Wow, flurry of activity. Hopefully David and Dan will contribute as well!
Anyway, I just tested those terms on Google and Duckduckgo (the latter is what I mostly use) via Tor. Interestingly, only a few of the terms Kevin posted worked for me. They came up with *exactly* the same results in two different sessions though, which is extremely unusual both for Tor. Also, Duckduckgo doesn't track users and therefore shouldn't be able to modify queries by user. It's giving the same results as Google, and theoretically for all instances of that search unlike Google, even though in other cases the results almost always differ from Google (and also the same for all instances of that search unlike Google).
Like Eric said, if you play around with the terms the results are often valid, like replacing "white men and women" with just "white men" or "white women". It seems "European history" + xyz always gives the same gallery of 100% images of 18th/19th c. black people. Why is the coincidence of poor results so specific and drastic?
Who knows. Maybe all the search engines got together and decided to leave some SJW-friendly algorithms out there to preempt any issue being made out of the search results for those terms being too race realist. Alternatively, alt rightists may have done it as a false flag.
To expand on my earlier point though - any company that benefits from a post-industrial environment would act like Google. There is no reason why Google should be valued higher than, say, Exxon. Not unless they've figured out a way to power self-driving EVs with data or something. 99% of their current value is unadulterated crap.

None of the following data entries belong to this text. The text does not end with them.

lemma subspace_eq_if_dim_le:
  assumes V: "subspace V" and VW: "V \<subseteq> W" and W: "W \<subseteq> span T" "finite T"
    and dim: "dim W \<le> dim V"
  shows "V = W"
proof -
  obtain B where B: "B \<subseteq> V" "independent B" "V \<subseteq> span B" "card B = dim V"
    by (rule basis_exists)
  obtain C where C: "C \<subseteq> W" "independent C" "W \<subseteq> span C" "card C = dim W"
    by (rule basis_exists)
  have "finite C"
    using independent_span_bound[OF W(2) C(2)] C(1) W(1) by blast
  have "W \<subseteq> V"
  proof
    fix x assume x: "x \<in> W"
    show "x \<in> V"
    proof (rule ccontr)
      assume "x \<notin> V"
      moreover have "span B \<subseteq> V"
        using B(1) V by (rule span_minimal)
      ultimately have "x \<notin> span B" by blast
      then have "x \<notin> B" "independent (insert x B)"
        using B(2) span_base independent_insertI by blast+
      moreover have "insert x B \<subseteq> span C"
        using x B(1) VW C(3) by blast
      ultimately have "finite (insert x B) \<and> card (insert x B) \<le> card C"
        by (intro independent_span_bound[OF \<open>finite C\<close>])
      with \<open>x \<notin> B\<close> B(4) C(4) dim show False by auto
    qed
  qed
  with VW show ?thesis by blast
qed

end

definition cunit :: "nat \<Rightarrow> nat \<Rightarrow> complex" where
  "cunit j = (\<lambda>i. if i = j then 1 else 0)"

lemma sum_fun_apply: "(\<Sum>x\<in>A. g x) (i::nat) = (\<Sum>x\<in>A. g x i :: complex)"
  by (induction A rule: infinite_finite_induct) auto

lemma csubspace_coord_space: "csubspace (coord_space n v)"
  unfolding csubspace_def cvs.subspace_def coord_space_def by (auto simp: cscale_def)

lemma coord_space_eq_span: "coord_space n v = cvs.span (cunit ` {..<n v})"
proof
  show "cvs.span (cunit ` {..<n v}) \<subseteq> coord_space n v"
    using csubspace_coord_space[of n v]
    by (intro cvs.span_minimal) (auto simp: cunit_def csubspace_def coord_space_def)
  show "coord_space n v \<subseteq> cvs.span (cunit ` {..<n v})"
  proof
    fix x assume x: "x \<in> coord_space n v"
    have "x = (\<Sum>j<n v. cscale (x j) (cunit j))"
    proof
      fix i
      have "(\<Sum>j<n v. cscale (x j) (cunit j)) i = (\<Sum>j<n v. if i = j then x j else 0)"
        unfolding sum_fun_apply by (rule sum.cong) (auto simp: cscale_def cunit_def)
      then show "x i = (\<Sum>j<n v. cscale (x j) (cunit j)) i"
        using x by (cases "i < n v") (auto simp: coord_space_def)
    qed
    also have "\<dots> \<in> cvs.span (cunit ` {..<n v})"
      by (intro cvs.span_sum cvs.span_scale cvs.span_base) auto
    finally show "x \<in> cvs.span (cunit ` {..<n v})" .
  qed
qed

lemma inj_cunit: "inj cunit"
  by (auto simp: inj_def cunit_def fun_eq_iff)

lemma independent_cunit: "cvs.independent (cunit ` {..<m})"
proof (rule cvs.independent_if_scalars_zero)
  fix f x assume s: "(\<Sum>x\<in>cunit ` {..<m}. cscale (f x) x) = 0" and x: "x \<in> cunit ` {..<m}"
  then obtain j where j: "j < m" "x = cunit j" by auto
  have "0 = (\<Sum>x\<in>cunit ` {..<m}. cscale (f x) x) j" using s by simp
  also have "\<dots> = (\<Sum>k<m. f (cunit k) * cunit k j)"
    by (simp add: sum_fun_apply sum.reindex[OF inj_on_subset[OF inj_cunit]] cscale_def)
  also have "\<dots> = (\<Sum>k<m. if j = k then f (cunit k) else 0)"
    by (rule sum.cong) (auto simp: cunit_def)
  also have "\<dots> = f x"
    using j by simp
  finally show "f x = 0" by simp
qed simp

lemma card_cunit: "card (cunit ` {..<m}) = m"
  by (simp add: card_image inj_on_subset[OF inj_cunit])

lemma cdim_coord_space: "cdim (coord_space n v) = n v"
  unfolding cdim_def coord_space_eq_span
  by (simp add: cvs.dim_eq_card_independent independent_cunit card_cunit)

lemma cdim_le_coord_space: "S \<subseteq> coord_space n v \<Longrightarrow> cdim S \<le> n v"
  unfolding cdim_def coord_space_eq_span
  by (metis card_cunit cvs.dim_le_card finite_imageI finite_lessThan)

lemma csubspace_eq_coord_space_iff:
  assumes "csubspace S" "S \<subseteq> coord_space n v"
  shows "S = coord_space n v \<longleftrightarrow> cdim S = n v"
  using assms cvs.subspace_eq_if_dim_le[of S "coord_space n v" "cunit ` {..<n v}"]
  by (auto simp: csubspace_def cdim_def coord_space_eq_span[symmetric]
      cdim_coord_space[unfolded cdim_def])

lemma cdim_zero: "cdim {0} = 0"
  using cvs.dim_span_eq_card_independent[OF cvs.independent_empty] by (simp add: cdim_def)

lemma csubspace_eq_zero_iff:
  assumes "csubspace S" "S \<subseteq> coord_space n v"
  shows "S = {0} \<longleftrightarrow> cdim S = 0"
  using assms cvs.subspace_eq_if_dim_le[of "{0}" S "cunit ` {..<n v}"]
  by (auto simp: csubspace_def cdim_def coord_space_eq_span cdim_zero[unfolded cdim_def]
      cvs.subspace_0)

lemma graded_eq_coord_space_iff:
  assumes "\<And>x. csubspace (S x)" "\<And>x. S x \<subseteq> coord_space n x"
  shows "S = coord_space n \<longleftrightarrow> (\<forall>x. cdim (S x) = n x)"
  using csubspace_eq_coord_space_iff[OF assms] by (auto simp: fun_eq_iff)

lemma graded_eq_zero_iff:
  assumes "\<And>x. csubspace (S x)" "\<And>x. S x \<subseteq> coord_space n x"
  shows "S = (\<lambda>_. {0}) \<longleftrightarrow> (\<forall>x. cdim (S x) = 0)"
  using csubspace_eq_zero_iff[OF assms] by (auto simp: fun_eq_iff)

lemma all_option_iff: "(\<forall>x. P x) \<longleftrightarrow> P None \<and> P (Some a) \<and> (\<forall>i. i \<noteq> a \<longrightarrow> P (Some i))"
  by (metis option.exhaust)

It's like 3d printers. 99% of thingverse seems to be "you need a 3d printer to print parts for your 3d printer to keep working/ work better” or "you need a 3d printer to make models that you wouldn’t buy if they were 99c and free shipping on amazon prime".
Post-purchase self-justification in other words. I bought a creality so I can make a cable support bracket for the creality that didn't come with a cable support bracket, even though most of the parts are 3d printed. For people that haven't bought a creality, or don't use Facebook or Twitter, or use a different search engine than Google, 99% of their functionality is just noise. Any valid signal has long since been drowned out.
Lets look at youtube. I saw it in the early years, and sure enough fucking cat videos were amongst the first things uploaded, then Google bought it, then a handful of whack jobs made obscene amounts of money on it, then "because the advertisers rebelled" Google/youtube clamped down on the monetisation side.
I think this is what *really* happened:
1>> Google found out youtube was a money pit, and not even the kind of money pit you can write off for tax purposes as a loss leader and still be happy to run.
2>> Google found out that big business’s love affair with all things digital when it comes to advertising was heading for the divorce courts. P&G alone are cutting 500 million from their future digital advertising budget.
3>> People like me found out that no matter what we did to prevent crap vids from popping up, it doesn't matter. Google cannot detect the 947th time an identical video has been uploaded by some asshole, and can't detect that despite telling them 999 time by clicking "I don't want to see this crap".
Basically google can't recommend anything except the same old same old zero content clickbait. And that is 99% of the content. The
1% of decent content is drowned out to the point you'll never find it unless you know exactly what to look for. Enter Gamergate and alt right vs SJW wars and suddenly there's a flood of "meaningful content" whose creators "deserve" all the ad revenue in the eyes of their respective fanbases. Guess who also uses google to search for "cute xyz" or "Game of thrones spoilers" (apart from me of course)?
The overall point I'm trying to make is that companies like Google and Amazon have to create the illusion that they are a whole world unto themselves, and one that is good or perhaps even necessary to exist in. It's the only way they will continue to be used by billions of people despite availability of easily accessible and even better alternatives. Amazon for example is killing retail because they're selling cupcakes, cruise ships, sporting goods and grocery now. Here in India we have Flipkart, Naaptol and Snapchat, er, Snapdeal doing the same thing for consumers who got dial-ups in 2012 and switched to Chinese 4g smartphones in 2015.
Anyway, the dependence on a huge number of users must be hidden from the users themselves, since everyone has to think they are getting a unique experience (=something extra for doing nothing more than looking at pictures/text on a screen). Ideology makes that a little bit easier to simulate.